## Your objective
Count every line in the data below that includes "with", and give only the result.

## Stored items
**********

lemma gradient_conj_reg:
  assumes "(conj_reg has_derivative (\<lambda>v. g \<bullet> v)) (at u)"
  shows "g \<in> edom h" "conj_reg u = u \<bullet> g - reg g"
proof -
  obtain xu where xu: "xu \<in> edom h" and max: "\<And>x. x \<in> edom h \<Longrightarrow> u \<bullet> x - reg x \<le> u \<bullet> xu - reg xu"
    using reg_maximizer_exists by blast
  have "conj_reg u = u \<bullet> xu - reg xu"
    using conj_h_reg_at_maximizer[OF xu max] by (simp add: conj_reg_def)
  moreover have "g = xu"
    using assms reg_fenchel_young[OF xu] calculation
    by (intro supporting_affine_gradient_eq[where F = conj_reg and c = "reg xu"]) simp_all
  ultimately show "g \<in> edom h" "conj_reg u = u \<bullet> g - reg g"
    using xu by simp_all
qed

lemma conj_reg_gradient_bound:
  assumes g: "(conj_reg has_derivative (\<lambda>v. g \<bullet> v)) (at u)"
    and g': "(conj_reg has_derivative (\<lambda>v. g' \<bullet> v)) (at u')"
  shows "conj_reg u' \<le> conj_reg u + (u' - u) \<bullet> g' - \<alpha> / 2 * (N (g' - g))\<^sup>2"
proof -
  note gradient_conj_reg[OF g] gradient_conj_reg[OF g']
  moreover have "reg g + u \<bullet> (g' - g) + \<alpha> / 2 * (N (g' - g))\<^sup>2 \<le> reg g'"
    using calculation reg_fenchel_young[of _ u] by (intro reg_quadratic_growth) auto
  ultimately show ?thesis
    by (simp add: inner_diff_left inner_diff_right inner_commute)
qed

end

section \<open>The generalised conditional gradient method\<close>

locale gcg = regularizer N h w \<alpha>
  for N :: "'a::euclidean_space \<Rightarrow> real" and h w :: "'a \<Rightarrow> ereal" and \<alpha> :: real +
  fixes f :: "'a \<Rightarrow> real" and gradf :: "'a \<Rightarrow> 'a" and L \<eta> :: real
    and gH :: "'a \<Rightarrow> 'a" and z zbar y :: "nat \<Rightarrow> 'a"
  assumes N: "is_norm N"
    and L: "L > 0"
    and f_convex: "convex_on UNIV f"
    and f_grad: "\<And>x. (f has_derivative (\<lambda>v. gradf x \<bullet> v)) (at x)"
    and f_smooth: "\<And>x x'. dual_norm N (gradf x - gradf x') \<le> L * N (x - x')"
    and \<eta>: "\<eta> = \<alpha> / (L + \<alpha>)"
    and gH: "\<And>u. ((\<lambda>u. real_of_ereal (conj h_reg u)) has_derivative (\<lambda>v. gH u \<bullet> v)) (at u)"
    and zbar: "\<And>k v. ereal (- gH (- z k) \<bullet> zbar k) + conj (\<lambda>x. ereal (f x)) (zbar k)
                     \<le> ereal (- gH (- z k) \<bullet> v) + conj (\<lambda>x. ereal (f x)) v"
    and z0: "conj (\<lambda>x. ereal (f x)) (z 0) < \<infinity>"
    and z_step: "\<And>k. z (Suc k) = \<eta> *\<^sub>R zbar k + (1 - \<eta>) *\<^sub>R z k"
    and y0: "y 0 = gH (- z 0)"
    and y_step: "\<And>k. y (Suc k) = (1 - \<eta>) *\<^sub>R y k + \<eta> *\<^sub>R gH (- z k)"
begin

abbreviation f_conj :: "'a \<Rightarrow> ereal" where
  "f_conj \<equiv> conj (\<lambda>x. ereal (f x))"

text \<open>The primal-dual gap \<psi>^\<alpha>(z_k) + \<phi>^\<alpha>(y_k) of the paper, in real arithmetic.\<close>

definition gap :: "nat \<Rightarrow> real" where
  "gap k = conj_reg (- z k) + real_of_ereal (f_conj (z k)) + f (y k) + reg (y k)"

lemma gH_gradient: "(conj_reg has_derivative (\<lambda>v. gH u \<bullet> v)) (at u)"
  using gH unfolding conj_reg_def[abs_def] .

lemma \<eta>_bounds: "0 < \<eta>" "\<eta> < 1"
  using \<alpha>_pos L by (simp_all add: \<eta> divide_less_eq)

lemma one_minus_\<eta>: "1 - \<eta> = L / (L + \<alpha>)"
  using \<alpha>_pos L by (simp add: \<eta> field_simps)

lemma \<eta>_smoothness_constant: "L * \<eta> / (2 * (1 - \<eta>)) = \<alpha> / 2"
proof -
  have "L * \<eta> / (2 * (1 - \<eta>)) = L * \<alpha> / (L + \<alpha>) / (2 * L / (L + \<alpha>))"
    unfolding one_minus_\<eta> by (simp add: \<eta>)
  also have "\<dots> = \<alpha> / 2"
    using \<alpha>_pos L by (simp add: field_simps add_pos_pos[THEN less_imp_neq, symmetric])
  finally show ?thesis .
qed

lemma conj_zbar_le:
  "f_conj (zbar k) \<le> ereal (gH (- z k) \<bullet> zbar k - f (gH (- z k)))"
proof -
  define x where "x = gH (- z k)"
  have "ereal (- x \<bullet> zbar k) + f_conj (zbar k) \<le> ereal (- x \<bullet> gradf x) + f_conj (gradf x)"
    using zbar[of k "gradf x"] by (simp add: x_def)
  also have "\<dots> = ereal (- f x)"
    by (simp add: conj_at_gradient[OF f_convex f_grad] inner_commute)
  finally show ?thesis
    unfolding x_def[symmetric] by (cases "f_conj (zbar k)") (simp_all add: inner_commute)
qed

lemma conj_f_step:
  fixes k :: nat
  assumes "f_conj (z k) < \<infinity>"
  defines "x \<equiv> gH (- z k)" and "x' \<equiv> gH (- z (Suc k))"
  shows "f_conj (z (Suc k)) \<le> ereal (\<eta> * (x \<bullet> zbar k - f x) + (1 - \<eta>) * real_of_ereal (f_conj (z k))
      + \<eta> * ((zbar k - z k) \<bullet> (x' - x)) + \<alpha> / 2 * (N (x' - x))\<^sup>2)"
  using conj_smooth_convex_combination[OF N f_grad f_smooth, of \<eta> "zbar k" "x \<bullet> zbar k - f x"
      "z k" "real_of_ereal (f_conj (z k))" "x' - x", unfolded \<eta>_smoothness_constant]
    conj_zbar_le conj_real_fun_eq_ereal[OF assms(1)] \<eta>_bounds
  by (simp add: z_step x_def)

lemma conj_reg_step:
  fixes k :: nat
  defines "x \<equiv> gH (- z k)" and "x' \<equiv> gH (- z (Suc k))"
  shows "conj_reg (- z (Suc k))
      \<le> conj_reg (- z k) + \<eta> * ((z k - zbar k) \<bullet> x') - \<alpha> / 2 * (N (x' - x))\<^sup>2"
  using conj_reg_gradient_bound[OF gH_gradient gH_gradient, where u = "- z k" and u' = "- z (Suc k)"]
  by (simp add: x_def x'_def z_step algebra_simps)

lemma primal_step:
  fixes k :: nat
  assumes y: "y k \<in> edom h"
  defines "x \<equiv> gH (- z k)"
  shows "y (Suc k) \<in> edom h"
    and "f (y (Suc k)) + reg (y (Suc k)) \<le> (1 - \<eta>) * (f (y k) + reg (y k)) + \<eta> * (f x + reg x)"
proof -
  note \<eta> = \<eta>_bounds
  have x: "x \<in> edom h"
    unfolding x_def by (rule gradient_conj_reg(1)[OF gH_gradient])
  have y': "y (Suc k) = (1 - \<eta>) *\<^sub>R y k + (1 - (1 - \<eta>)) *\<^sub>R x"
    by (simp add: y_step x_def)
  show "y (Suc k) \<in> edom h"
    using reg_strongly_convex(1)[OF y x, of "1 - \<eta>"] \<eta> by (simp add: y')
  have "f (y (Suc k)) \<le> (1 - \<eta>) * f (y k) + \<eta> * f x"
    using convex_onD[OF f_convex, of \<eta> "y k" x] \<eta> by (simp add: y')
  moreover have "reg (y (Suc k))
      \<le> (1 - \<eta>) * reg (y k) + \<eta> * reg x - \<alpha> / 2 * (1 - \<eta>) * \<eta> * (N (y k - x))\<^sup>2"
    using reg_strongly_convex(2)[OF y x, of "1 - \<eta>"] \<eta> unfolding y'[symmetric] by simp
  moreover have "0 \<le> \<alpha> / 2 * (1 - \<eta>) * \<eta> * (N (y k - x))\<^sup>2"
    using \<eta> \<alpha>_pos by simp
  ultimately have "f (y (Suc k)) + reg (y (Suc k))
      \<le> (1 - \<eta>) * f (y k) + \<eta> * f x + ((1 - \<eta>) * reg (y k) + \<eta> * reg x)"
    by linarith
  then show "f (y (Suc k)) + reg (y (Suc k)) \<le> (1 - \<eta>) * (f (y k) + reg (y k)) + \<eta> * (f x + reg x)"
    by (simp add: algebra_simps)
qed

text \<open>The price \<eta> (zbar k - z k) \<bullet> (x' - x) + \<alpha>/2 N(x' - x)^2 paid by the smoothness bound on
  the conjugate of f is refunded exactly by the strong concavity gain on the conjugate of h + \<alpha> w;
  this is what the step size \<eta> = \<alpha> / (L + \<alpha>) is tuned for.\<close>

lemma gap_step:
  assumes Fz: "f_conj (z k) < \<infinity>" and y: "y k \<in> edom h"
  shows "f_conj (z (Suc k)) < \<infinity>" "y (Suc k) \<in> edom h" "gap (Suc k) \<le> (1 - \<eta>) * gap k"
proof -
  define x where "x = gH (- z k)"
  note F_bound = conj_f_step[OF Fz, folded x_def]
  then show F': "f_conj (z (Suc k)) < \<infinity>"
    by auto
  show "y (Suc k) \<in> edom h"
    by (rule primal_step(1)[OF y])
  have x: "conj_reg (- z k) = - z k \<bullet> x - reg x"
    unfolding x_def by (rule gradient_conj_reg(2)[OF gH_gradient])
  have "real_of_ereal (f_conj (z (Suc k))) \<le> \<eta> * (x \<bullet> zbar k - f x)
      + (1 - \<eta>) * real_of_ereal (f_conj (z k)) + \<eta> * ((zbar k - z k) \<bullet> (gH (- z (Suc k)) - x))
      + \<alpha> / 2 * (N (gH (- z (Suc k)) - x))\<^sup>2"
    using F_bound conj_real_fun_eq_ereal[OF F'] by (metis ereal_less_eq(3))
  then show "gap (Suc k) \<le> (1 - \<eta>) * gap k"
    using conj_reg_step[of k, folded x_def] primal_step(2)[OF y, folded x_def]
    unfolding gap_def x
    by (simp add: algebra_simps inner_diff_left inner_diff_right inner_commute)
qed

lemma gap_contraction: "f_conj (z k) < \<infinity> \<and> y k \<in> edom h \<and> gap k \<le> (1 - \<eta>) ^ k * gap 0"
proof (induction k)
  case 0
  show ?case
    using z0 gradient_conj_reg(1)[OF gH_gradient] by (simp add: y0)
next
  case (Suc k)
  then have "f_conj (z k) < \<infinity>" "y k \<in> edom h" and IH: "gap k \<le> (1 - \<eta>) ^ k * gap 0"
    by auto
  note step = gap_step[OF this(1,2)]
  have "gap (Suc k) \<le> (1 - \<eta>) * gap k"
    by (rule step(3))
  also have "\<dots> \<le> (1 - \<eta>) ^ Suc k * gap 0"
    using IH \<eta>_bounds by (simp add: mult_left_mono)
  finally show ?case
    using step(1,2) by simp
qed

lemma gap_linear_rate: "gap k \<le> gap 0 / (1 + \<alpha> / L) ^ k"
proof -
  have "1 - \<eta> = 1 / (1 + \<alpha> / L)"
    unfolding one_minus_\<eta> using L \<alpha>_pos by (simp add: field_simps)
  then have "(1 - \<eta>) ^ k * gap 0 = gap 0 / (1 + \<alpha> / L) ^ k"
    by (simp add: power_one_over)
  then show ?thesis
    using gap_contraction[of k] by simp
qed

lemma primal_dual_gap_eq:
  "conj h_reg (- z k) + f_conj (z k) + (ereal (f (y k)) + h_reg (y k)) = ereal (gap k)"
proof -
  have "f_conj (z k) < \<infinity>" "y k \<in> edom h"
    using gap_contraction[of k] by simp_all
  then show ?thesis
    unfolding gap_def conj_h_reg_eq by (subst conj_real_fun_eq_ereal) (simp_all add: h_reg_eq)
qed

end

**********

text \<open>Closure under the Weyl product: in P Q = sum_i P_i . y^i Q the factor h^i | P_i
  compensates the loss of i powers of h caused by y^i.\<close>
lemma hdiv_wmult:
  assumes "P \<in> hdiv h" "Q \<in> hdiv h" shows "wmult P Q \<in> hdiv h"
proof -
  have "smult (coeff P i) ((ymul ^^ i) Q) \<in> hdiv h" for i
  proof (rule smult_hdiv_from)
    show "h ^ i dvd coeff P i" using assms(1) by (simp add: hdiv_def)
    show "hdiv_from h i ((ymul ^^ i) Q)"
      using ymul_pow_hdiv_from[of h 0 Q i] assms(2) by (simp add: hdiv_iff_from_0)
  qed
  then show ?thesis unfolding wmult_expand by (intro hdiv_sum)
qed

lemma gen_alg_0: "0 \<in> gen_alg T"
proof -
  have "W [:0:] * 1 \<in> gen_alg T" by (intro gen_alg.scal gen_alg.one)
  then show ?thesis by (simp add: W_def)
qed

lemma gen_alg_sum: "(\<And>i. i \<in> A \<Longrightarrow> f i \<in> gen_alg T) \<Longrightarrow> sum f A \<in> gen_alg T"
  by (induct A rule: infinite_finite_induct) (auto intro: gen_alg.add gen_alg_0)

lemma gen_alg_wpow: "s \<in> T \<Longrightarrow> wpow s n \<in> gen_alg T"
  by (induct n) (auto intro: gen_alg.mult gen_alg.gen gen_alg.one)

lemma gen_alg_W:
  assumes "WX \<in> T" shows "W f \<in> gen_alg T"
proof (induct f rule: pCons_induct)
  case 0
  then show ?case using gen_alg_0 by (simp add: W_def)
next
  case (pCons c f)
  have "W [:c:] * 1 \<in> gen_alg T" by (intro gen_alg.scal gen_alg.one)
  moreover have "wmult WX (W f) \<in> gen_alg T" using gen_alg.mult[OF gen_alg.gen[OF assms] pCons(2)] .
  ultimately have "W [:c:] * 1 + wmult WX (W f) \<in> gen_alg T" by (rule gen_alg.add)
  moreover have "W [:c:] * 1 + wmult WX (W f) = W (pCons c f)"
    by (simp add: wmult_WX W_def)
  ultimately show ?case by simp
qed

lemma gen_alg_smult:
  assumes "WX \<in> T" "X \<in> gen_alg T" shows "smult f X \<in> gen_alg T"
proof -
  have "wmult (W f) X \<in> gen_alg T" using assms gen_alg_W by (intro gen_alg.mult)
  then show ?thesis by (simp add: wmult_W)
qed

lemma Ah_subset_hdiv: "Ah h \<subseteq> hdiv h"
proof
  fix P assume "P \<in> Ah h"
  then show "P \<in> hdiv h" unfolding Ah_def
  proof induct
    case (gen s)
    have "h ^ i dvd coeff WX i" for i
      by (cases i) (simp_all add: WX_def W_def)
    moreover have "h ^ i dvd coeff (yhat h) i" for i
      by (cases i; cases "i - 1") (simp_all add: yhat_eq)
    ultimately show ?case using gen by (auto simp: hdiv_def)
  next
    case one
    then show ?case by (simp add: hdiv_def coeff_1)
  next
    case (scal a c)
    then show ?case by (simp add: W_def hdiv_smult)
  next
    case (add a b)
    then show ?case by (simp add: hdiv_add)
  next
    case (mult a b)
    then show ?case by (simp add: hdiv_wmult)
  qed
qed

**********

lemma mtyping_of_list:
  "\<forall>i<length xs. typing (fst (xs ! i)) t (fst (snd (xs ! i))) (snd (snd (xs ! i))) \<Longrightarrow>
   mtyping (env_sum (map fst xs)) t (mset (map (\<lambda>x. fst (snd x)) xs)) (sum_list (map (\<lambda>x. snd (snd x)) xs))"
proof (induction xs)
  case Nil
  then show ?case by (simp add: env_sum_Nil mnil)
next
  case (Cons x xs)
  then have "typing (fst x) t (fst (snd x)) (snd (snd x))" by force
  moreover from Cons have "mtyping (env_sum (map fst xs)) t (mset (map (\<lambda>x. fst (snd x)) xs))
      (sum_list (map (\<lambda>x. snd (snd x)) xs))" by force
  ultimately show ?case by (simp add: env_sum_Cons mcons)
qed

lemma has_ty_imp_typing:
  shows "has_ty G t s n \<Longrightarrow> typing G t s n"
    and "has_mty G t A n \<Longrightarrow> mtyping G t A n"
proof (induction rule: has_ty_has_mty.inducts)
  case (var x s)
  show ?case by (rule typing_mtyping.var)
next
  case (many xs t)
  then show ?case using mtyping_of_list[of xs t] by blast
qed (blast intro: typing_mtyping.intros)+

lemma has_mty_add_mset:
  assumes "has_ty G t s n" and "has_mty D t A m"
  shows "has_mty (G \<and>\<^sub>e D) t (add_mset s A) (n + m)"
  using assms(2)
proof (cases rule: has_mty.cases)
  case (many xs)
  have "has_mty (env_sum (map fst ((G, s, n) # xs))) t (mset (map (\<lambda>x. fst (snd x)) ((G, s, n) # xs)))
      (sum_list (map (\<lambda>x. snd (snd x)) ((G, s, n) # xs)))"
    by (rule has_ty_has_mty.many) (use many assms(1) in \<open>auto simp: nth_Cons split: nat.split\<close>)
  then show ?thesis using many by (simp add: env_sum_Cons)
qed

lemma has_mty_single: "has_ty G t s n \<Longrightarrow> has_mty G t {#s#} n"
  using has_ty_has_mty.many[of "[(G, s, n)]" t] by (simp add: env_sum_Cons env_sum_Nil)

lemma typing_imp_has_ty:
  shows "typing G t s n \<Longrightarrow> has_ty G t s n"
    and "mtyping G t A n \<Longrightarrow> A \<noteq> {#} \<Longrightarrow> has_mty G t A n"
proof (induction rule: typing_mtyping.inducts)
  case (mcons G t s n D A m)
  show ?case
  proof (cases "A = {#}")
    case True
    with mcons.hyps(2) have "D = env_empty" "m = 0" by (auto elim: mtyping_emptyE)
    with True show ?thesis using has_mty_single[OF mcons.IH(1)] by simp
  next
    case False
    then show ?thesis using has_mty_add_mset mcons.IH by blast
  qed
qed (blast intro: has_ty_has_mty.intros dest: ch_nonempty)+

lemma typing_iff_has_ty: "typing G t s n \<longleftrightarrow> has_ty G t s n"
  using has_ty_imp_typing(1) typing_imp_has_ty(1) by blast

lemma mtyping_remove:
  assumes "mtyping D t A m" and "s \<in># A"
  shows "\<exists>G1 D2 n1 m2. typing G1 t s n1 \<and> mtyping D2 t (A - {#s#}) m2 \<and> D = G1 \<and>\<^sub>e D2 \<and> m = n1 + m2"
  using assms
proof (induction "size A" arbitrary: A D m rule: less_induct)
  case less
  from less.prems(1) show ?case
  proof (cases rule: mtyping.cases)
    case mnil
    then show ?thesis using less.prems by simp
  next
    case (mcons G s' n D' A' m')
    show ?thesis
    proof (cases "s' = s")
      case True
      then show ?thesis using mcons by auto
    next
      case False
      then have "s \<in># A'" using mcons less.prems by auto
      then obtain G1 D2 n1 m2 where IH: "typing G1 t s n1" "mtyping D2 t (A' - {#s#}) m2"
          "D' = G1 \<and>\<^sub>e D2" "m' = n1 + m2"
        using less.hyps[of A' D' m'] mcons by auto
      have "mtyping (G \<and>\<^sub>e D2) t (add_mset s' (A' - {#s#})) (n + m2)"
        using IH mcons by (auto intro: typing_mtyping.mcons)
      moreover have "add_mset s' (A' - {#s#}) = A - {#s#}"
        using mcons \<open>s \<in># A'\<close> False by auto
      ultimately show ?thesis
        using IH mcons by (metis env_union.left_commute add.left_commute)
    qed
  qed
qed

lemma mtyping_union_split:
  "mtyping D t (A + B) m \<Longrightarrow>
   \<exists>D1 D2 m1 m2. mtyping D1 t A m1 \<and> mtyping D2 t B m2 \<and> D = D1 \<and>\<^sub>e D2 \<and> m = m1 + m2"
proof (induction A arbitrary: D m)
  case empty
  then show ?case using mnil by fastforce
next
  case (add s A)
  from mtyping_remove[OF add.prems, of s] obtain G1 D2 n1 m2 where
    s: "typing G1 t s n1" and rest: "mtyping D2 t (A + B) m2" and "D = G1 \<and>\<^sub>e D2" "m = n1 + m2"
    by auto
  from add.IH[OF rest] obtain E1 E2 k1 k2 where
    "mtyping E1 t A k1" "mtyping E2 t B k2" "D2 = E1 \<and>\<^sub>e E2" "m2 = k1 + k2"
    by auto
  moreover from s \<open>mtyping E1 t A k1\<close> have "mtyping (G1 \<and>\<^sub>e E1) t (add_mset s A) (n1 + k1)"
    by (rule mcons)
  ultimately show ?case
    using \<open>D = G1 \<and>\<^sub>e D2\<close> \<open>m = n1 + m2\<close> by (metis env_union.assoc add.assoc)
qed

**********

## Answer to this problem
2